**Exercise prompt:** Each line of the data that mentions the string "bool" needs to be identified and copied.

**Available records:**
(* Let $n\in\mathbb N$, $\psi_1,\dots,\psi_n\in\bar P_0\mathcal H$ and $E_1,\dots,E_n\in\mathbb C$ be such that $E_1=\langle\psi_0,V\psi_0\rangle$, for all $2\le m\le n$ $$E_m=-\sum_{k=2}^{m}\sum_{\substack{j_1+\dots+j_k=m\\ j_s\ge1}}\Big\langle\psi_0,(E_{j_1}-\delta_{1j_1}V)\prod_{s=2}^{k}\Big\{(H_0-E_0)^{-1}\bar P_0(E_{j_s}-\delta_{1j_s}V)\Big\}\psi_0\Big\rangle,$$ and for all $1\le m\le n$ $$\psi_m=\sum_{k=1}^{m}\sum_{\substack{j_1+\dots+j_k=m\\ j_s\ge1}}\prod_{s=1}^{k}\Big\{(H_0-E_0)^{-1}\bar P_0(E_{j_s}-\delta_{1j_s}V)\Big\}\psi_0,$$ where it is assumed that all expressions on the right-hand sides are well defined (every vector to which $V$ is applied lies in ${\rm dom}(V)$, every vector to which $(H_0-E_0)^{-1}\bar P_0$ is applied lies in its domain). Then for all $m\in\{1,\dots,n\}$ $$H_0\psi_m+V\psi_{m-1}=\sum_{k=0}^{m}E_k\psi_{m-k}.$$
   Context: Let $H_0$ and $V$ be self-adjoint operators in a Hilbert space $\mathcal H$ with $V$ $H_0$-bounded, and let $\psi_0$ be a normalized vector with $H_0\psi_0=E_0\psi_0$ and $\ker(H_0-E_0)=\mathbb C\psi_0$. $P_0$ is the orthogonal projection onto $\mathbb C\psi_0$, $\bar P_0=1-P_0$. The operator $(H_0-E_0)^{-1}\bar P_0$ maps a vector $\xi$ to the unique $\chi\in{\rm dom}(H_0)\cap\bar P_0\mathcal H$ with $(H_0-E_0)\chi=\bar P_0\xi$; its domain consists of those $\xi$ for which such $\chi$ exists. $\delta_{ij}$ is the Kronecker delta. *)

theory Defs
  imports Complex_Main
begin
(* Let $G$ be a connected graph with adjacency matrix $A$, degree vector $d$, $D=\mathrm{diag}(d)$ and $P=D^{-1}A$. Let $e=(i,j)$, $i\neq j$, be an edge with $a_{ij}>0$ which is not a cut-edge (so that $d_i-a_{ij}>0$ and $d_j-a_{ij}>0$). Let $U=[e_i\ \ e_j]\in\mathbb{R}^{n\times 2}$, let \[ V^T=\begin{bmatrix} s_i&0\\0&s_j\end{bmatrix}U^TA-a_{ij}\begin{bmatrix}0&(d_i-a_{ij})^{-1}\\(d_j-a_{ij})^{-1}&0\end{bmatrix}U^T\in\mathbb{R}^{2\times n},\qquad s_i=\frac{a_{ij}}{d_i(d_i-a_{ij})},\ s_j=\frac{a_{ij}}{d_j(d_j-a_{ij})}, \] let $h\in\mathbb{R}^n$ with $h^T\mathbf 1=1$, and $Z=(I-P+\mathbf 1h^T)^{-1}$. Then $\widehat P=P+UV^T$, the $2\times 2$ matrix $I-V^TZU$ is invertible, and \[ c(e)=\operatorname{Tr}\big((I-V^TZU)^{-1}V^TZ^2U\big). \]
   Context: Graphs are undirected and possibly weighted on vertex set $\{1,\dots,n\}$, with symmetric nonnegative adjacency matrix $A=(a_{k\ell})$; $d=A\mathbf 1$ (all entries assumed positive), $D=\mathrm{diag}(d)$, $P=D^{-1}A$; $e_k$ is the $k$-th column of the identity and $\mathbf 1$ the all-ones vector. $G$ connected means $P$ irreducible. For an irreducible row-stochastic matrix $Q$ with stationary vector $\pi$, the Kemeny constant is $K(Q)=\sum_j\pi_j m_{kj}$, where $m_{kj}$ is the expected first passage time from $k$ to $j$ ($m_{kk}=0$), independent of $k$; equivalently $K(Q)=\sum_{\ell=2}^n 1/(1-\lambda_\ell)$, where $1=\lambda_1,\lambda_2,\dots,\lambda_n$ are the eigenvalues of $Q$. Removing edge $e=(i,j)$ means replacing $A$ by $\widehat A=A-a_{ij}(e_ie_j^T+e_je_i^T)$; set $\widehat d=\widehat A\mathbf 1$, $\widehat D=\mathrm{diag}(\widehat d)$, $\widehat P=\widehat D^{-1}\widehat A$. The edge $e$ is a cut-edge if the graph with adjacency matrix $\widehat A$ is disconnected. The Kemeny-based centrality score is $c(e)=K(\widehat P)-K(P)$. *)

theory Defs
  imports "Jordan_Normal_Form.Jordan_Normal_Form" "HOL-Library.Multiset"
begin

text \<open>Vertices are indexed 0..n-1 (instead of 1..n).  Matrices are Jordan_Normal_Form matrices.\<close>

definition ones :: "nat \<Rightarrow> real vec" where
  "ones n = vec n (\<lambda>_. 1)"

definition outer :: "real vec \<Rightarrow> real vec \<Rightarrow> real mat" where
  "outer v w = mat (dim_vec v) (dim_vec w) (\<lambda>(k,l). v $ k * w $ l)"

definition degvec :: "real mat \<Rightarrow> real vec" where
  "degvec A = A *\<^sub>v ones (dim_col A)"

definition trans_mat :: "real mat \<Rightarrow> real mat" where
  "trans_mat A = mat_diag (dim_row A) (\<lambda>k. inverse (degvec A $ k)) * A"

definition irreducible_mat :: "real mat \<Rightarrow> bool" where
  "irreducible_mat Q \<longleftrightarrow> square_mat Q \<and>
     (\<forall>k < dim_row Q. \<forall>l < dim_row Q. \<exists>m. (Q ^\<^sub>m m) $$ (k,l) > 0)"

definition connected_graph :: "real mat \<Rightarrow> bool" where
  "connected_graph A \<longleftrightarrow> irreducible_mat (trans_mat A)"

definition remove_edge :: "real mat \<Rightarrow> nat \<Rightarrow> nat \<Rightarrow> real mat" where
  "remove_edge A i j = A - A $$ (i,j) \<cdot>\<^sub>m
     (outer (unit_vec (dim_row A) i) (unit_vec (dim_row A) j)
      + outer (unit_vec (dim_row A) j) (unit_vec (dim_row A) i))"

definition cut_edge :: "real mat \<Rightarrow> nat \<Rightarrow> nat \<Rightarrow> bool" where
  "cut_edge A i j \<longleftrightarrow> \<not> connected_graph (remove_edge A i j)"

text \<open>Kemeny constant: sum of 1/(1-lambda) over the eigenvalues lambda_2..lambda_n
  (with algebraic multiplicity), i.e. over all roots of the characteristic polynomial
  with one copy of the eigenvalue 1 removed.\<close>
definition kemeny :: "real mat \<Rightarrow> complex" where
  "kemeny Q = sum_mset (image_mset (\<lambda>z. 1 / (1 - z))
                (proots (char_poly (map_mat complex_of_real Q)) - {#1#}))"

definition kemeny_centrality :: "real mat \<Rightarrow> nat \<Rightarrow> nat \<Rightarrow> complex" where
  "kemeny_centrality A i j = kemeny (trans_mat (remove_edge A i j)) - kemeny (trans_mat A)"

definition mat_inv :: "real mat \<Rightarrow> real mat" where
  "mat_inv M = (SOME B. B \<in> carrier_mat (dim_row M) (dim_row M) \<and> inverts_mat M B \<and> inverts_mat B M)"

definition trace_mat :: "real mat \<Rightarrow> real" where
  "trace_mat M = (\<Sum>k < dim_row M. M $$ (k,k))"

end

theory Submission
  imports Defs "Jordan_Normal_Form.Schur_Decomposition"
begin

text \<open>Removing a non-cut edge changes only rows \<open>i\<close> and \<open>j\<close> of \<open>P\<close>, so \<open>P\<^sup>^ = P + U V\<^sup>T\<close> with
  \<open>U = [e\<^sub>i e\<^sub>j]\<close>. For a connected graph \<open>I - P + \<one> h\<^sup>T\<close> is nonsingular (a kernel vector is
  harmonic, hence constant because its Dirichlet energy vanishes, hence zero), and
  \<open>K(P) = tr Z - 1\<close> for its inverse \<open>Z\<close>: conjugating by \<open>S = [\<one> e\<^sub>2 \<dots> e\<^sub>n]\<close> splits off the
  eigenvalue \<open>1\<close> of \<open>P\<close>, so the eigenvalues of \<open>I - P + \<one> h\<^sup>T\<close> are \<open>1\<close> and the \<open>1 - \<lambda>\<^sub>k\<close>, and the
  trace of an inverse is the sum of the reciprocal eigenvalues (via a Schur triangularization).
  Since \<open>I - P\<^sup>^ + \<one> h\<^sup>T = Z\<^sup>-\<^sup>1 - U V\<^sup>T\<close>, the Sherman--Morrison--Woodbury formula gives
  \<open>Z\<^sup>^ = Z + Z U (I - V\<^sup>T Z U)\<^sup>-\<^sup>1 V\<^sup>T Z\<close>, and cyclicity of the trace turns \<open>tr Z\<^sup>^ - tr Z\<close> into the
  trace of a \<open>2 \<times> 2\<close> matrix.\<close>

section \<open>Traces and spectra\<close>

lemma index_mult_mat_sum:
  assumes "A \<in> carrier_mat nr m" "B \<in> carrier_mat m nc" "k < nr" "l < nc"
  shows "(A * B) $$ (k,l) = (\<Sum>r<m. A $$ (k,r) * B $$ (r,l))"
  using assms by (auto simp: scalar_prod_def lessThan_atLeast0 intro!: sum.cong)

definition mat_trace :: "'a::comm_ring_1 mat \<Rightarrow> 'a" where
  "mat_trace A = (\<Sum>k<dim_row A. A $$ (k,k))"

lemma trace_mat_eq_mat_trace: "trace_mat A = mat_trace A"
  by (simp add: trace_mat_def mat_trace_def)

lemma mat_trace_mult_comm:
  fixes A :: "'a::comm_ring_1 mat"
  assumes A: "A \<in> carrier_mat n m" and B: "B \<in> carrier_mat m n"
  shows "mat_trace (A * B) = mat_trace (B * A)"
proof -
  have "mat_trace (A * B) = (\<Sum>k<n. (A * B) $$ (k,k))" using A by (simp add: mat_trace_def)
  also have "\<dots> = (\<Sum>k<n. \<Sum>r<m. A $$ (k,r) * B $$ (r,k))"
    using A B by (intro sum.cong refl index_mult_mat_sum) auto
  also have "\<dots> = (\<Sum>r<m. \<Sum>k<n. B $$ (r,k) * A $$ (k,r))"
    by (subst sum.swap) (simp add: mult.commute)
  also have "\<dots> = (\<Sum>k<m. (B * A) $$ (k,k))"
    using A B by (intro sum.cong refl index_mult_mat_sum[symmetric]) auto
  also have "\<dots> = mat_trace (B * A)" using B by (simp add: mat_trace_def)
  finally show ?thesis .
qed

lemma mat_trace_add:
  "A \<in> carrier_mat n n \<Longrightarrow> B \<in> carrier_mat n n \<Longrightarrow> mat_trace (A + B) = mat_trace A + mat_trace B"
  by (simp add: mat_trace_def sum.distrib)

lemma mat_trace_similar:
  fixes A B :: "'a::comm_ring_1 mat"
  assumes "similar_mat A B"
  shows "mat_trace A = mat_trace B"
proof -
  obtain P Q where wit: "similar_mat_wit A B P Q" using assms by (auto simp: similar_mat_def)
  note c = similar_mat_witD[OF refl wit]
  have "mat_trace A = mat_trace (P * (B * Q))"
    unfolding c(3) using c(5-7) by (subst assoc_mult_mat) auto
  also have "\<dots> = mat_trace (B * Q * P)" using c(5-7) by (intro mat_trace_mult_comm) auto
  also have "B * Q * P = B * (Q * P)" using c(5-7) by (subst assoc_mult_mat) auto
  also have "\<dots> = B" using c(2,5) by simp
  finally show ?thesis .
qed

**Task result:**
definition irreducible_mat :: "real mat \<Rightarrow> bool" where
definition connected_graph :: "real mat \<Rightarrow> bool" where
definition cut_edge :: "real mat \<Rightarrow> nat \<Rightarrow> nat \<Rightarrow> bool" where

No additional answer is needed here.